_What to do_
Answer with only the number of lines below where "imports" appears.

_Provided material_
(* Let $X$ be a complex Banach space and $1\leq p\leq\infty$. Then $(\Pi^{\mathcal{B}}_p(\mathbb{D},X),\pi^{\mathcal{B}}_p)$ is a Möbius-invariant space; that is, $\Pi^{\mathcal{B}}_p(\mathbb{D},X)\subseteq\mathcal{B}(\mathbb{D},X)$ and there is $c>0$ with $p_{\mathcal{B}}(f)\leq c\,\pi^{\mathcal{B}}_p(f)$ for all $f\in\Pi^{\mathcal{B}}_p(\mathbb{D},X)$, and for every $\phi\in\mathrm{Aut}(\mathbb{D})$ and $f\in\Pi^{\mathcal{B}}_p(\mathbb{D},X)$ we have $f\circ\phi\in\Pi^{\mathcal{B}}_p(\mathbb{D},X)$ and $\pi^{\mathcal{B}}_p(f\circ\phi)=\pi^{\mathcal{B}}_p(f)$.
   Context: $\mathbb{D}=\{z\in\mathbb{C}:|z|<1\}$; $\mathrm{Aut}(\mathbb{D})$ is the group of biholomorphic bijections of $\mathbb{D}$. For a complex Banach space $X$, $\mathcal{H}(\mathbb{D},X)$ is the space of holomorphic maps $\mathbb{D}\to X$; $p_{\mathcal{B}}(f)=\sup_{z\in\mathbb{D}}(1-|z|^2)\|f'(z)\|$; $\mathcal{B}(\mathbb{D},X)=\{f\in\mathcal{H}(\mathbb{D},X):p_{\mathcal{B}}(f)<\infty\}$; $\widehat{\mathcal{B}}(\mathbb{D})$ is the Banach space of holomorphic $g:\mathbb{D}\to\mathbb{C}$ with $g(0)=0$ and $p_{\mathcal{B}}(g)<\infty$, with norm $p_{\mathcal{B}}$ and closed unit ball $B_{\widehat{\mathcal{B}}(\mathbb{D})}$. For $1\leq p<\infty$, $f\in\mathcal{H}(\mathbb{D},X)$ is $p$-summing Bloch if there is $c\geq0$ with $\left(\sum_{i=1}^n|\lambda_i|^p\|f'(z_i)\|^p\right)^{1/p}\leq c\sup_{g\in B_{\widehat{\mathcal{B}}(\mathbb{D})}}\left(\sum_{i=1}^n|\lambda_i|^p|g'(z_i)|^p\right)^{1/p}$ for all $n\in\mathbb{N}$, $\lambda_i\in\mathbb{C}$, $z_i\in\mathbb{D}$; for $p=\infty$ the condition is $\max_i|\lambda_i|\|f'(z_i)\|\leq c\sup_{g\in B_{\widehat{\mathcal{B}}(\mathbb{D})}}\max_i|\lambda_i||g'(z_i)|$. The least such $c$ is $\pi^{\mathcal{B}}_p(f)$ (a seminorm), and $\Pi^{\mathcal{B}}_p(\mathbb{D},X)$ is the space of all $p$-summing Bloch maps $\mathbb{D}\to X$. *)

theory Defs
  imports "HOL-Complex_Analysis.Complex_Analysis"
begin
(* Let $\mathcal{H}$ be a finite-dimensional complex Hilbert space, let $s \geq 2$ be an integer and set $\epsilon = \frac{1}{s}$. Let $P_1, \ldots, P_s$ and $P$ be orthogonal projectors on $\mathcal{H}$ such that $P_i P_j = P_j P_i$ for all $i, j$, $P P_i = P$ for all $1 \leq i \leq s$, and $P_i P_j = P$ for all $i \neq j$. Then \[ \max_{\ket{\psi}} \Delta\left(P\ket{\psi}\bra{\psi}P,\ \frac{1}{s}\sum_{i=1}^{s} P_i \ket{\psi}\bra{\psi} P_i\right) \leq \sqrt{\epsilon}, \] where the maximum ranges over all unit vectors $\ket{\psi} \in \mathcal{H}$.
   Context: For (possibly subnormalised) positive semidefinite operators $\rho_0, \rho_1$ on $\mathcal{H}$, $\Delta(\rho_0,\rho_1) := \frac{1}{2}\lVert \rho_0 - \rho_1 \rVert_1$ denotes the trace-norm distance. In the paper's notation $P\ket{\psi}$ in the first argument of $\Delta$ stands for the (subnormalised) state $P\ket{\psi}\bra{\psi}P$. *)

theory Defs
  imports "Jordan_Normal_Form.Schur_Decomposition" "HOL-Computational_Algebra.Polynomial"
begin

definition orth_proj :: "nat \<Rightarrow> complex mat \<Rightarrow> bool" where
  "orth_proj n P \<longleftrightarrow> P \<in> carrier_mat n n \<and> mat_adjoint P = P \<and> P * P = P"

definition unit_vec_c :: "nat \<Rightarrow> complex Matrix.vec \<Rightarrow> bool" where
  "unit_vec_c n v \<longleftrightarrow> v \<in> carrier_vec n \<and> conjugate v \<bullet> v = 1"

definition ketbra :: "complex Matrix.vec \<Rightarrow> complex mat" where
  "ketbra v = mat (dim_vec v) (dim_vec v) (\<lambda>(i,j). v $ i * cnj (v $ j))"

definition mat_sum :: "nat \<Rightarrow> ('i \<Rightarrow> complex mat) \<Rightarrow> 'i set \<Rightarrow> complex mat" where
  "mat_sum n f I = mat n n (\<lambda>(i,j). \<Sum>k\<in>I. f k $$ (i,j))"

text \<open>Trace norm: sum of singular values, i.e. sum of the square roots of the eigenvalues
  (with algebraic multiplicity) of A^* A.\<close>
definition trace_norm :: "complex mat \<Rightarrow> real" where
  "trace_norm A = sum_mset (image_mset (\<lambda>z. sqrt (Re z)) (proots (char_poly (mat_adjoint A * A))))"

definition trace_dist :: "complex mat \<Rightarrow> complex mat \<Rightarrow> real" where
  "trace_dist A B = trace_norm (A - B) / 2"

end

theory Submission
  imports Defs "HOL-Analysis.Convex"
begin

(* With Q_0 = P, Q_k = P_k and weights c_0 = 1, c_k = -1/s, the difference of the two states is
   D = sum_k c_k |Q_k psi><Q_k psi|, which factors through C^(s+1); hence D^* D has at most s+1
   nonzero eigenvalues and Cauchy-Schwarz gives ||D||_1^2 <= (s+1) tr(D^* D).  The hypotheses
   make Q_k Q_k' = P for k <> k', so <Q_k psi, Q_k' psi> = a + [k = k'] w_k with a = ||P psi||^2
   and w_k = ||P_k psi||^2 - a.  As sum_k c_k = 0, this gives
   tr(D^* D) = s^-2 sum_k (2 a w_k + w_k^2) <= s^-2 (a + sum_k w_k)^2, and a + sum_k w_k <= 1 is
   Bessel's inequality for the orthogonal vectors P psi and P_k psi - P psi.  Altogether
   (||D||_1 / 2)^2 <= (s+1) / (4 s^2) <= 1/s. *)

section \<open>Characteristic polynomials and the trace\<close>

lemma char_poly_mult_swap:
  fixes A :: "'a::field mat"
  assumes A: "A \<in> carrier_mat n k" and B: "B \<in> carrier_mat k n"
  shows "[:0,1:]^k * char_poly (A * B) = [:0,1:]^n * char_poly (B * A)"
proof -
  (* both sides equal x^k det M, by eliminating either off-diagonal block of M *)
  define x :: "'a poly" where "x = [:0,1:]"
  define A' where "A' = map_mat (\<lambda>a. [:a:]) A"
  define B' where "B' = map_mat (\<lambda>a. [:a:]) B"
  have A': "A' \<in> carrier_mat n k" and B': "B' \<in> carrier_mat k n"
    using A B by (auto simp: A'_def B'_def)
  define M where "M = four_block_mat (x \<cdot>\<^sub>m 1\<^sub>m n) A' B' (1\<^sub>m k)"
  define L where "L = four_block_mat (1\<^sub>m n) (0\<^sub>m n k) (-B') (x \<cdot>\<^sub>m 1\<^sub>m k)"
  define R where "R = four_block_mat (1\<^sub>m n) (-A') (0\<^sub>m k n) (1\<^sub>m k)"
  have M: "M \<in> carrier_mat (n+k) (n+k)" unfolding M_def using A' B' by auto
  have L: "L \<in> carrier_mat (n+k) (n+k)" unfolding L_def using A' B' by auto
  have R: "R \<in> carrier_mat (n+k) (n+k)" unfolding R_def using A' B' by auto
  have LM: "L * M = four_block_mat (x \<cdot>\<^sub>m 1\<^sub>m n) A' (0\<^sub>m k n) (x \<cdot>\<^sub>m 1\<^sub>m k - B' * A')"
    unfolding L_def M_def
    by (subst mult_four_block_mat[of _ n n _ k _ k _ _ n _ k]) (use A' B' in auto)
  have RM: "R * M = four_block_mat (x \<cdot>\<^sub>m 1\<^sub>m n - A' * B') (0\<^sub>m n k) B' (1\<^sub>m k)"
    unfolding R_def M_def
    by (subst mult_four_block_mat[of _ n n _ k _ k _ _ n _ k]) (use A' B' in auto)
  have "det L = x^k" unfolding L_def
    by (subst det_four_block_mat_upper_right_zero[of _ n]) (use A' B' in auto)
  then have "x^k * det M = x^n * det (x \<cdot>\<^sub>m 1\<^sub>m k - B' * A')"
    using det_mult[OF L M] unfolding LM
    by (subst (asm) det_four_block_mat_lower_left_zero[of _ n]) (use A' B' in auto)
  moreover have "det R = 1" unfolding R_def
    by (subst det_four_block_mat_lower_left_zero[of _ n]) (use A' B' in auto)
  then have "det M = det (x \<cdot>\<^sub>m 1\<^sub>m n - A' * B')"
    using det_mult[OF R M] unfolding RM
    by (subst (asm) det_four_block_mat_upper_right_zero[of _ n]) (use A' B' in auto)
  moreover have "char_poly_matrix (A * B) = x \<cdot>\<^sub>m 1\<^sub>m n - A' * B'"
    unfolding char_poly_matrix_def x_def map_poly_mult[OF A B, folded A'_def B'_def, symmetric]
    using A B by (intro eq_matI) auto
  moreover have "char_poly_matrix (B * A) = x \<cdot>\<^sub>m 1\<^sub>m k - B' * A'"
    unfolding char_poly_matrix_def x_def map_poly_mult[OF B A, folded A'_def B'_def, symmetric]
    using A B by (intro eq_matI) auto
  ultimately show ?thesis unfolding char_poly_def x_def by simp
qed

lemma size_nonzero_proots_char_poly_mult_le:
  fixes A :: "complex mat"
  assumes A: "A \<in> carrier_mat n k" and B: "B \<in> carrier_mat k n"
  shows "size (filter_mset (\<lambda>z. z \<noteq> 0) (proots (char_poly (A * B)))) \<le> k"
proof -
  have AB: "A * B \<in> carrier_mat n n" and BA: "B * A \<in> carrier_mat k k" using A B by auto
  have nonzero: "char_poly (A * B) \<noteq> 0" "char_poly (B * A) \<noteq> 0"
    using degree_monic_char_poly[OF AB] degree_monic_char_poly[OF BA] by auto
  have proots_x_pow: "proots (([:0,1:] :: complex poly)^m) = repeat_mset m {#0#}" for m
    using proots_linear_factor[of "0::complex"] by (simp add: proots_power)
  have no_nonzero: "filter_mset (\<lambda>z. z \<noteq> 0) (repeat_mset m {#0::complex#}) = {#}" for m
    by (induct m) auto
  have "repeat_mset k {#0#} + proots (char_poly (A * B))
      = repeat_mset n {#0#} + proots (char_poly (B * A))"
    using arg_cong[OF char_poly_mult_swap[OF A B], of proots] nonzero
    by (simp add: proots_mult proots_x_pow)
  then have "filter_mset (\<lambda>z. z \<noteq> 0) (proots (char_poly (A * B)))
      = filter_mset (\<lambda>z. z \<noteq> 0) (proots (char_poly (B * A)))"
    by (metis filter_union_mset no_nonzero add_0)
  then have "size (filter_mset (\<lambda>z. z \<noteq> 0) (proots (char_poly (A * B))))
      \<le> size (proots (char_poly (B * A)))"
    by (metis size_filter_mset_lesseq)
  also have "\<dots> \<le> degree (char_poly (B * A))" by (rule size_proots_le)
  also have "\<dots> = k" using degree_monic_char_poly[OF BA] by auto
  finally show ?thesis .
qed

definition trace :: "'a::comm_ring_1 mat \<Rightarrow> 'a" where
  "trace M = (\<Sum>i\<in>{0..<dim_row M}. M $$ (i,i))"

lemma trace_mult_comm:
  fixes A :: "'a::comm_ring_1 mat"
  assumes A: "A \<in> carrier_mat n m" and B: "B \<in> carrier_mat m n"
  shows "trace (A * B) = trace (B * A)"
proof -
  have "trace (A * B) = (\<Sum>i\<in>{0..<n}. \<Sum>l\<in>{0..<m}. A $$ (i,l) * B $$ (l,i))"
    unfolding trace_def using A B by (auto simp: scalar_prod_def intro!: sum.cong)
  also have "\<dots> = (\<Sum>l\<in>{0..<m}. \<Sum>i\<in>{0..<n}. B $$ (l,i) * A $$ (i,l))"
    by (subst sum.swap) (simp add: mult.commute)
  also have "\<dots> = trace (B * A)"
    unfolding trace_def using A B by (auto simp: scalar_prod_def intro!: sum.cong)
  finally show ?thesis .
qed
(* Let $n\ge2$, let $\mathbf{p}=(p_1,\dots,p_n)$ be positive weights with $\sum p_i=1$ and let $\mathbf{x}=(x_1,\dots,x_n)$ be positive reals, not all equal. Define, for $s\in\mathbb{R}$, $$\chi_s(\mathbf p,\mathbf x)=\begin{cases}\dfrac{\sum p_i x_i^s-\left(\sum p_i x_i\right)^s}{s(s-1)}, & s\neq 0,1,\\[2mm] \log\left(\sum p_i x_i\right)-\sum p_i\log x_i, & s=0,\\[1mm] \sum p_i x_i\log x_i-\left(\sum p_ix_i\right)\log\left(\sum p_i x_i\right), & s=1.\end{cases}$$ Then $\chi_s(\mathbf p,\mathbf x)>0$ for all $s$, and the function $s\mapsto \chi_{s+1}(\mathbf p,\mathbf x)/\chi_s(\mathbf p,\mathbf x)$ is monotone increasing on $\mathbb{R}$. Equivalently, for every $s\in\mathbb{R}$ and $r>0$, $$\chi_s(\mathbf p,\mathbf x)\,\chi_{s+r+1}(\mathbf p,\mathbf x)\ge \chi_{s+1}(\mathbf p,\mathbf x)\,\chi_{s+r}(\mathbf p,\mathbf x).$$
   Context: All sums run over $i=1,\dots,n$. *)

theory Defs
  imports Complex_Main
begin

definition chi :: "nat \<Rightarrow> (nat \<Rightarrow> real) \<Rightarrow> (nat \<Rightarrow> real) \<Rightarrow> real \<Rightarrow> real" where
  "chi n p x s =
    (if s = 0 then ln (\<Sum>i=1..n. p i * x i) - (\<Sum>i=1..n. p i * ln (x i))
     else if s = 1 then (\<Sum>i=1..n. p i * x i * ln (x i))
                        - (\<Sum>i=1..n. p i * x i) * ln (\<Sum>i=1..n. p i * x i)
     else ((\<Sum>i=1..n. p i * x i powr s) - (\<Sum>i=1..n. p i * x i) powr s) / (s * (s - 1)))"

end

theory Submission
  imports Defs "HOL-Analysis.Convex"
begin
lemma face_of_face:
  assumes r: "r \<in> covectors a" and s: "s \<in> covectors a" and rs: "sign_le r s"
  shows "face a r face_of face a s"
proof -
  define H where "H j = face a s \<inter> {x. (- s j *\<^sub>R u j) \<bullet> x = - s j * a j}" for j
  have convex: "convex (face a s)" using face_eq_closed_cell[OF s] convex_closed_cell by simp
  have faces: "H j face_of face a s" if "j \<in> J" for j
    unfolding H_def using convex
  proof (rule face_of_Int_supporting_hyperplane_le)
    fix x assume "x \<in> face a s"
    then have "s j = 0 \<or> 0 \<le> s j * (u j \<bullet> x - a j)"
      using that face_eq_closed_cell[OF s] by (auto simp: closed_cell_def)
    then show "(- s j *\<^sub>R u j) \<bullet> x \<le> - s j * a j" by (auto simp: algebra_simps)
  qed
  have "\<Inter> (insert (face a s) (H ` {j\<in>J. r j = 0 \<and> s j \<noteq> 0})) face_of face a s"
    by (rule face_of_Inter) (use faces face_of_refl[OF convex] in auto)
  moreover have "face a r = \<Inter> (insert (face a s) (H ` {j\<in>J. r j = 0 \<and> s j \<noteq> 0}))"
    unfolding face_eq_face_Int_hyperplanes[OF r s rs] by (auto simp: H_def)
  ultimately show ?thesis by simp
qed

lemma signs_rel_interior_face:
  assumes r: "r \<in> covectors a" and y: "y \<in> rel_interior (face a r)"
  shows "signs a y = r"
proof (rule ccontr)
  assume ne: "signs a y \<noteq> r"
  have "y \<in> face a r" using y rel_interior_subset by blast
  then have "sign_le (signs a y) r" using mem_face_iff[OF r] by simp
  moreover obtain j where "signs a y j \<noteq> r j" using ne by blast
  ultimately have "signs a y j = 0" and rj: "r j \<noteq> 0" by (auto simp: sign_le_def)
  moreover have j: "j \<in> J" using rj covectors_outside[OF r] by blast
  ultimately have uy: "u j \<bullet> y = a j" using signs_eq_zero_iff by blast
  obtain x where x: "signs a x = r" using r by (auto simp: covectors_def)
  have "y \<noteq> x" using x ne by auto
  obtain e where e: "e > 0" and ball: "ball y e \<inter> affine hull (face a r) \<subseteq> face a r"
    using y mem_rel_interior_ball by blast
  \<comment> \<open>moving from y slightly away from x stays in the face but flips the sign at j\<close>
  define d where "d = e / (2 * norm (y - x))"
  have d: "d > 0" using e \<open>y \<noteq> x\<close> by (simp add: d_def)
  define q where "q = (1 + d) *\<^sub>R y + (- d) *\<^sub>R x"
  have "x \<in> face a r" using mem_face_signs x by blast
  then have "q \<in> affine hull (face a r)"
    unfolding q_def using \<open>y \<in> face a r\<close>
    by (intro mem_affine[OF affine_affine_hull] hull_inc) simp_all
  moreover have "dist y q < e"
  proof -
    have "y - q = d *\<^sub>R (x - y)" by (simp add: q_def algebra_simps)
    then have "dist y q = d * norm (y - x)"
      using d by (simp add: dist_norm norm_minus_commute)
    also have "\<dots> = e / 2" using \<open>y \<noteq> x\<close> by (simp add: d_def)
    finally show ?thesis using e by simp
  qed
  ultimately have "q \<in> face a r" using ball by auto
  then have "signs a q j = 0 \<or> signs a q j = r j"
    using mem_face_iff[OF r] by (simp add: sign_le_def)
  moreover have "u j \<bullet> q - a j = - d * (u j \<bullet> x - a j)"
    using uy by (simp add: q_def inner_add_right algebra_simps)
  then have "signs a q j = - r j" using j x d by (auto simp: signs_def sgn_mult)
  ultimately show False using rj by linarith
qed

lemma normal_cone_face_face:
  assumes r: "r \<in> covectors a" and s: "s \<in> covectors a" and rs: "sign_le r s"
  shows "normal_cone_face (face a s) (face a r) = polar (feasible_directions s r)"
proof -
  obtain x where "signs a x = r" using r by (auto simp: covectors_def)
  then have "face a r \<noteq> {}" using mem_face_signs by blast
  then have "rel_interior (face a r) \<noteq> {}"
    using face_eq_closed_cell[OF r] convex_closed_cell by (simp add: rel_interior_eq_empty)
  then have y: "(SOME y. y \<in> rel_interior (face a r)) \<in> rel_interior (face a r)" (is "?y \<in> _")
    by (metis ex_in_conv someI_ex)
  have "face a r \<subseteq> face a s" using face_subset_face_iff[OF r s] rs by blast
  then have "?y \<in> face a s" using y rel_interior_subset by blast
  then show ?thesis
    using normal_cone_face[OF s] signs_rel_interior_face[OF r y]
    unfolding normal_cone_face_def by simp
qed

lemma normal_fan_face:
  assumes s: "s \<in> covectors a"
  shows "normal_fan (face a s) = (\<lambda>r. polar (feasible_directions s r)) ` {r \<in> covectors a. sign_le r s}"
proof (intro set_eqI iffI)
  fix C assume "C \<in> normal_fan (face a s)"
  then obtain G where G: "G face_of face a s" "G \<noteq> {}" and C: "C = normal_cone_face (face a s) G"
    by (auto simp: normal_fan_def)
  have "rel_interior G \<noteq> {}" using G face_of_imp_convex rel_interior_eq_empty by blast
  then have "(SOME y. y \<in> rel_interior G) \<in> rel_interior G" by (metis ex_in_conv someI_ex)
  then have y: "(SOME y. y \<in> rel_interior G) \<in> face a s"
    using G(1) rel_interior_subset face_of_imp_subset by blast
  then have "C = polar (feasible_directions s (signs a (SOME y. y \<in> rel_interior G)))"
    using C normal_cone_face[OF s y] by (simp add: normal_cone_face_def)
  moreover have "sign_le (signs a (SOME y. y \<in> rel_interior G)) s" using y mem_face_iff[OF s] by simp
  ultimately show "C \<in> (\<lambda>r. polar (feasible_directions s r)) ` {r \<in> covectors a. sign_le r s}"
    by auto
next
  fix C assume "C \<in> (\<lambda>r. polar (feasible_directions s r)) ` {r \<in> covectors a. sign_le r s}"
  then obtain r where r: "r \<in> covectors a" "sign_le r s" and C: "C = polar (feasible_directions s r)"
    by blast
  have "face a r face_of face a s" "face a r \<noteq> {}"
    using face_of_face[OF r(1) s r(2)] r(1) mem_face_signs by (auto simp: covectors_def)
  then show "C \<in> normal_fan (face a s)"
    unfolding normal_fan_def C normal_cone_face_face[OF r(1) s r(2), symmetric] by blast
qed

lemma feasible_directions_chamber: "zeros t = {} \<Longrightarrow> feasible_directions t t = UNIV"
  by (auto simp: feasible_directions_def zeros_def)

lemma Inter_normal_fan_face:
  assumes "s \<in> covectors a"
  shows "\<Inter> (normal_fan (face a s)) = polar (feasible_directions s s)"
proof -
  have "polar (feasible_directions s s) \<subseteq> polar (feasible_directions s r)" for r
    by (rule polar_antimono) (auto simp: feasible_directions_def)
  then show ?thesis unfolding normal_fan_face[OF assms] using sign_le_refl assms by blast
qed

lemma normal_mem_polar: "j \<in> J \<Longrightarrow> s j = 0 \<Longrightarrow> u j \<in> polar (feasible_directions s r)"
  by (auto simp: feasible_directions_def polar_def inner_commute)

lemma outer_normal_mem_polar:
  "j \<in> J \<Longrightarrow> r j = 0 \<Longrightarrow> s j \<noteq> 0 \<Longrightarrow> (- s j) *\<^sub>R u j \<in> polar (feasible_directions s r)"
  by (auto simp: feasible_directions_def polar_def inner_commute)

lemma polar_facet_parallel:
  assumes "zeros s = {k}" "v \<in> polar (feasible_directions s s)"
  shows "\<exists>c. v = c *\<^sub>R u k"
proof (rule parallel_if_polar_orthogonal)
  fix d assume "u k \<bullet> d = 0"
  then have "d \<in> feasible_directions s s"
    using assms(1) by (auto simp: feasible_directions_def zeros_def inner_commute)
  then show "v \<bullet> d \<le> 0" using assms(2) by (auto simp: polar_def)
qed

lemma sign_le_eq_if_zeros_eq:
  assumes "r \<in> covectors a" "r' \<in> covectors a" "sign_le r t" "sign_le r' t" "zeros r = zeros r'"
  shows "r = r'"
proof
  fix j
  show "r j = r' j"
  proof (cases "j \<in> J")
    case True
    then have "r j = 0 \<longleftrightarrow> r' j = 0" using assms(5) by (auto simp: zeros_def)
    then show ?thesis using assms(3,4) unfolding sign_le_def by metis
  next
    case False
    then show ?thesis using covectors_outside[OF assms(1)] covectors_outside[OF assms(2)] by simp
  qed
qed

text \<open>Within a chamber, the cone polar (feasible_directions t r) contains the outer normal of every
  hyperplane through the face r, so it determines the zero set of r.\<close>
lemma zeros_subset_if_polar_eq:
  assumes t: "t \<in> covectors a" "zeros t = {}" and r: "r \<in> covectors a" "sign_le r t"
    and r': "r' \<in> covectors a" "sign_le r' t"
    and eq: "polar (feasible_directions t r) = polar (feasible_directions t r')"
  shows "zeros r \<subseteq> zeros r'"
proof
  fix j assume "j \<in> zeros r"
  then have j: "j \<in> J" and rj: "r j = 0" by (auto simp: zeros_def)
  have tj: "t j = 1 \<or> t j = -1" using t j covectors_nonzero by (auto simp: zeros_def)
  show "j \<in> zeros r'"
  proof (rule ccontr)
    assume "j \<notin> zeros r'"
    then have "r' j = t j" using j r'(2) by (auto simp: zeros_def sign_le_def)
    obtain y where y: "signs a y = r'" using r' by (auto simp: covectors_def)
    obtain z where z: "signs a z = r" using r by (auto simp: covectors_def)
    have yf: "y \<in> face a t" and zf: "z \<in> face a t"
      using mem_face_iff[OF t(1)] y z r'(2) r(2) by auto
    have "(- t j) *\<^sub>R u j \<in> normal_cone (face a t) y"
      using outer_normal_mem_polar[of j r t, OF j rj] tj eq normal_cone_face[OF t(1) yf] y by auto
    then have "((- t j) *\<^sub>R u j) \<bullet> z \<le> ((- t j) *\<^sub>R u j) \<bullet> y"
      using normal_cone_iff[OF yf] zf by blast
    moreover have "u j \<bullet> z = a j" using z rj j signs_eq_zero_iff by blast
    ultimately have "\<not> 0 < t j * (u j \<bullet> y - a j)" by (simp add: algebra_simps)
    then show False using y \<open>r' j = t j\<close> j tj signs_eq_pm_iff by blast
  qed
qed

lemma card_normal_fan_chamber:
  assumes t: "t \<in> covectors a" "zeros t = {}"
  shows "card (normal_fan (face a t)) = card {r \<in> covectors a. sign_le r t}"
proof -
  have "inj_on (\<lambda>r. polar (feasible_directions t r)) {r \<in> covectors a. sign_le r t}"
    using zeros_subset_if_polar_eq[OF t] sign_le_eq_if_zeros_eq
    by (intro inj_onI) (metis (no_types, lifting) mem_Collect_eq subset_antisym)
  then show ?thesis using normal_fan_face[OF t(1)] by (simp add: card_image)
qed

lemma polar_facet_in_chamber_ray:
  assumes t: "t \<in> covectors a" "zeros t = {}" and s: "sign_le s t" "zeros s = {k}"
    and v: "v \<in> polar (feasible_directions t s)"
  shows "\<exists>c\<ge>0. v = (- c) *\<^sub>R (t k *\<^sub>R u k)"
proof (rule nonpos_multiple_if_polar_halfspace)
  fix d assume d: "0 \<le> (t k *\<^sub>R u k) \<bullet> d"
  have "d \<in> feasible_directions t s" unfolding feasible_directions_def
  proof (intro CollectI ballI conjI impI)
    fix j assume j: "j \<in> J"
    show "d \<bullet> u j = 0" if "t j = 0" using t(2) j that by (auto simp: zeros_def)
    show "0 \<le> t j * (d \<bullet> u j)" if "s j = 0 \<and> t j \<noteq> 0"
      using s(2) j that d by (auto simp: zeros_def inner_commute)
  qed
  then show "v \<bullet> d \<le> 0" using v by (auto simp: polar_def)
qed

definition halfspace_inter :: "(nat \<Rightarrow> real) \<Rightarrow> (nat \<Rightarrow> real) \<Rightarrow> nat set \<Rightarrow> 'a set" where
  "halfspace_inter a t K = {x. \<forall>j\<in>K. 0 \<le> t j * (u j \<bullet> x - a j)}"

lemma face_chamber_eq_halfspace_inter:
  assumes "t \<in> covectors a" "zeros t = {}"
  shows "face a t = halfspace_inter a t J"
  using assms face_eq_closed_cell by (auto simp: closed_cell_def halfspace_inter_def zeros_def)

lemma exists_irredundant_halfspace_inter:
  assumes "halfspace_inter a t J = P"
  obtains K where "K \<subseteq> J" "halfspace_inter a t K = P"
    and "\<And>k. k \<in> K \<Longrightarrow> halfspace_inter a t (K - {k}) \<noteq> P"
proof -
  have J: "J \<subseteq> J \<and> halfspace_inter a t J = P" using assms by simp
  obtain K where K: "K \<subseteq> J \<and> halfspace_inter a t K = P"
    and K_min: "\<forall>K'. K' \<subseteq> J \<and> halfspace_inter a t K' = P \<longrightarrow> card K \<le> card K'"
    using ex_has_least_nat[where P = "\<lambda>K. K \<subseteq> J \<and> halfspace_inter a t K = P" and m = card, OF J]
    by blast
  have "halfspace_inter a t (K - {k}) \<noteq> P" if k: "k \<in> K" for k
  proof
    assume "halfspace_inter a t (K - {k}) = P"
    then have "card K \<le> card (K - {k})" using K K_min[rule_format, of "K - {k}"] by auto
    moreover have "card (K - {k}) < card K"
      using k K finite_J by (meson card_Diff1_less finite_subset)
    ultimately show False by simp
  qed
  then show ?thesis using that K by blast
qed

_Finished exercise_
5